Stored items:
lemma tangent_chord:
  assumes P: "P = ellipse_point ae be x" and "on_ellipse ae be R" "R \<noteq> P"
    and "tangent_to ac bc P R" and ccw: "0 < Im (cnj P * R)"
  obtains \<phi> y where "contact_point ac bc P R = ellipse_point ac bc \<phi>" "R = ellipse_point ae be y"
    "on_tangent (ae / ac) (be / bc) x \<phi>" "on_tangent (ae / ac) (be / bc) y \<phi>"
    "tangent_coord (ae / ac) (be / bc) x \<phi> < 0" "0 < tangent_coord (ae / ac) (be / bc) y \<phi>"
    "\<exists>\<mu>>0. R - P = of_real \<mu> * ellipse_point ac bc (\<phi> + pi / 2)"
proof -
  define A B where "A = ae / ac" and "B = be / bc"
  have nz: "ac \<noteq> 0" "bc \<noteq> 0" "A \<noteq> 0" "B \<noteq> 0"
    using caustic_pos axis_ratios_gt_1 by (simp_all add: A_def B_def)
  obtain y where R: "R = ellipse_point ae be y"
    using on_ellipseE[OF table_pos \<open>on_ellipse ae be R\<close>] .
  obtain \<phi> where contact: "contact_point ac bc P R = ellipse_point ac bc \<phi>"
    and "Re (cnj (cis \<phi>) * unscale ac bc P) = 1" "Re (cnj (cis \<phi>) * unscale ac bc R) = 1"
    using tangent_to_contact_point[OF caustic_pos \<open>tangent_to ac bc P R\<close> \<open>R \<noteq> P\<close>] .
  moreover have unscale_P: "unscale ac bc P = ellipse_point A B x"
    and unscale_R: "unscale ac bc R = ellipse_point A B y"
    using nz by (simp_all add: P R unscale_ellipse_point A_def B_def)
  ultimately have tangent: "on_tangent A B x \<phi>" "on_tangent A B y \<phi>"
    by (simp_all add: on_tangent_def)
  define s1 s2 where "s1 = tangent_coord A B x \<phi>" and "s2 = tangent_coord A B y \<phi>"
  have p: "unscale ac bc P = cis \<phi> * Complex 1 s1" and r: "unscale ac bc R = cis \<phi> * Complex 1 s2"
    using on_tangent_point[OF tangent(1)] on_tangent_point[OF tangent(2)]
    by (simp_all add: unscale_P unscale_R s1_def s2_def)
  have "0 < ac * bc * (s2 - s1)"
    using ccw unscaled_tangent_points(1)[OF nz(1,2) p r] by simp
  then have "s1 < s2"
    using caustic_pos by (simp add: zero_less_mult_iff mult_less_0_iff)
  moreover have "on_ellipse A B (cis \<phi> * Complex 1 s1)" "on_ellipse A B (cis \<phi> * Complex 1 s2)"
    using on_ellipse_ellipse_point[OF nz(3,4)] unscale_P unscale_R p r by metis+
  ultimately have sides: "s1 < 0" "0 < s2"
    using tangent_chord_sides[OF axis_ratios_gt_1[folded A_def B_def]] by blast+
  have "\<exists>\<mu>>0. R - P = of_real \<mu> * ellipse_point ac bc (\<phi> + pi / 2)"
    using sides unscaled_tangent_points(2)[OF nz(1,2) p r] by (intro exI[of _ "s2 - s1"]) simp
  with contact R tangent sides show thesis
    by (intro that) (simp_all add: A_def B_def s1_def s2_def)
qed

lemma billiard_step:
  assumes "P = ellipse_point ae be x" and "on_ellipse ae be R" "R \<noteq> P"
    and "tangent_to ac bc P R" and "0 < Im (cnj P * R)"
  shows "contact_point ac bc P R = ellipse_point ac bc (contact_map x)"
    and "R = ellipse_point ae be (contact_map (contact_map x))"
    and "\<exists>\<mu>>0. R - P = of_real \<mu> * ellipse_point ac bc (contact_map x + pi / 2)"
proof -
  note gt1 = axis_ratios_gt_1
  obtain \<phi> y where contact: "contact_point ac bc P R = ellipse_point ac bc \<phi>"
    and R: "R = ellipse_point ae be y"
    and tangent: "on_tangent (ae / ac) (be / bc) x \<phi>" "on_tangent (ae / ac) (be / bc) y \<phi>"
    and sides: "tangent_coord (ae / ac) (be / bc) x \<phi> < 0"
      "0 < tangent_coord (ae / ac) (be / bc) y \<phi>"
    and edge: "\<exists>\<mu>>0. R - P = of_real \<mu> * ellipse_point ac bc (\<phi> + pi / 2)"
    using tangent_chord[OF assms] .
  obtain k :: int where k: "\<phi> = contact_map x + 2 * pi * k"
    using on_tangent_cases(1)[OF gt1 tangent(1) sides(1)] by (auto simp: contact_map_def)
  have "on_tangent (ae / ac) (be / bc) \<phi> y"
    using tangent(2) on_tangent_commute by blast
  moreover have "tangent_coord (ae / ac) (be / bc) \<phi> y < 0"
    using tangent_coord_swap_mult_neg[OF gt1 tangent(2)] sides(2) by (simp add: mult_less_0_iff)
  ultimately obtain k' :: int where k': "y = contact_map \<phi> + 2 * pi * k'"
    using on_tangent_cases(1)[OF gt1] by (auto simp: contact_map_def)
  have "contact_map \<phi> = contact_map (contact_map x) + 2 * pi * of_int k"
    using pi_equivariant_of_int[OF pi_equivariant_contact_map, of "contact_map x" "2 * k"]
    by (simp add: k algebra_simps)
  then have "y = contact_map (contact_map x) + 2 * pi * of_int (k + k')"
    by (simp add: k' algebra_simps)
  then show "R = ellipse_point ae be (contact_map (contact_map x))"
    using ellipse_point_shift_2pi[of ae be "contact_map (contact_map x)" "k + k'"] by (simp add: R)
  show "contact_point ac bc P R = ellipse_point ac bc (contact_map x)"
    by (simp add: contact k ellipse_point_shift_2pi)
  have "ellipse_point ac bc (\<phi> + pi / 2) = ellipse_point ac bc (contact_map x + pi / 2)"
    using ellipse_point_shift_2pi[of ac bc "contact_map x + pi / 2" k]
    by (simp add: k algebra_simps)
  with edge show "\<exists>\<mu>>0. R - P = of_real \<mu> * ellipse_point ac bc (contact_map x + pi / 2)"
    by simp
qed

lemma edge_angle_step:
  "edge_angle t < edge_angle (contact_map (contact_map t))"
  "edge_angle (contact_map (contact_map t)) < edge_angle t + pi"
proof -
  show "edge_angle t < edge_angle (contact_map (contact_map t))"
    using contact_map_twice_bounds(1) strict_mono_edge_angle by (rule strict_monoD[rotated])
  have "edge_angle (contact_map (contact_map t)) < edge_angle (t + pi)"
    using contact_map_twice_bounds(2) strict_mono_edge_angle by (rule strict_monoD[rotated])
  then show "edge_angle (contact_map (contact_map t)) < edge_angle t + pi"
    using pi_equivariant_edge_angle by (simp add: pi_equivariant_def)
qed

end

section \<open>Periodic billiards\<close>

lemma Arg_rcis_divide:
  assumes "0 < r" "0 < s" "- pi < b - a" "b - a \<le> pi"
  shows "Arg (rcis r b / rcis s a) = b - a"
  using assms by (simp add: rcis_divide Arg_rcis)

lemma periodic_int_multiple:
  assumes "\<And>i. f (i + int N) = f i"
  shows "f (i + int N * q) = f i"
proof (induction q rule: int_induct[where k = 0])
  case base
  show ?case by simp
next
  case (step1 q)
  show ?case using assms[of "i + int N * q"] step1 by (simp add: algebra_simps)
next
  case (step2 q)
  show ?case using assms[of "i + int N * (q - 1)"] step2 by (simp add: algebra_simps)
qed

lemma periodic_eqI:
  assumes "0 < N" and "\<And>i. f (i + int N) = f i" and "\<And>i. g (i + int N) = g i"
    and on_nat: "\<And>n. f (int n) = g (int n)"
  shows "f i = g i"
proof -
  define n where "n = nat (i mod int N)"
  have i: "i = int n + int N * (i div int N)"
    using \<open>0 < N\<close> by (simp add: n_def)
  show ?thesis
    by (subst (1 2) i) (simp add: periodic_int_multiple assms(2,3) on_nat)
qed

locale periodic_billiard_orbit = nested_ellipses +
  fixes P :: "int \<Rightarrow> complex" and N \<tau> :: nat
  assumes periodic: "periodic_billiard ae be ac bc P N"
    and ccw: "counterclockwise P"
    and turning: "turning_number P N \<tau>"
begin

lemma period: "0 < N" "P (i + int N) = P i"
  using periodic by (simp_all add: periodic_billiard_def least_period_def)

lemma billiard_edge:
  "on_ellipse ae be (P i)" "P (i + 1) \<noteq> P i" "tangent_to ac bc (P i) (P (i + 1))"
  "0 < Im (cnj (P i) * P (i + 1))"
  using periodic ccw by (simp_all add: periodic_billiard_def billiard_def counterclockwise_def)

definition start :: real where
  "start = (SOME x. P 0 = ellipse_point ae be x)"

definition vertex_param :: "nat \<Rightarrow> real" where
  "vertex_param n = (contact_map ^^ (2 * n)) start"

lemma vertex_param_Suc: "vertex_param (Suc n) = contact_map (contact_map (vertex_param n))"
  by (simp add: vertex_param_def)

lemma vertex_param_add: "vertex_param (m + n) = (contact_map ^^ (2 * m)) (vertex_param n)"
  by (simp add: vertex_param_def distrib_left funpow_add)

definition contact_param :: "nat \<Rightarrow> real" where
  "contact_param n = contact_map (vertex_param n)"

lemma contact_param_Suc: "contact_param (Suc n) = contact_map (contact_map (contact_param n))"
  by (simp add: contact_param_def vertex_param_Suc)

lemma vertex_ellipse_point: "P (int n) = ellipse_point ae be (vertex_param n)"
proof (induction n)
  case 0
  have "on_ellipse ae be (P 0)"
    using periodic by (simp add: periodic_billiard_def billiard_def)
  then obtain x where "P 0 = ellipse_point ae be x"
    using on_ellipseE[OF table_pos] by blast
  then have "P 0 = ellipse_point ae be start"
    unfolding start_def by (rule someI)
  then show ?case
    by (simp add: vertex_param_def)
next
  case (Suc n)
  have "P (int n + 1) = ellipse_point ae be (vertex_param (Suc n))"
    unfolding vertex_param_Suc by (rule billiard_step(2)[OF Suc.IH billiard_edge])
  then show ?case
    by (simp add: add.commute)
qed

- _Task description_
How many lines in the records hold the string "moreover"? Reply with the number alone.

- _Response box_
3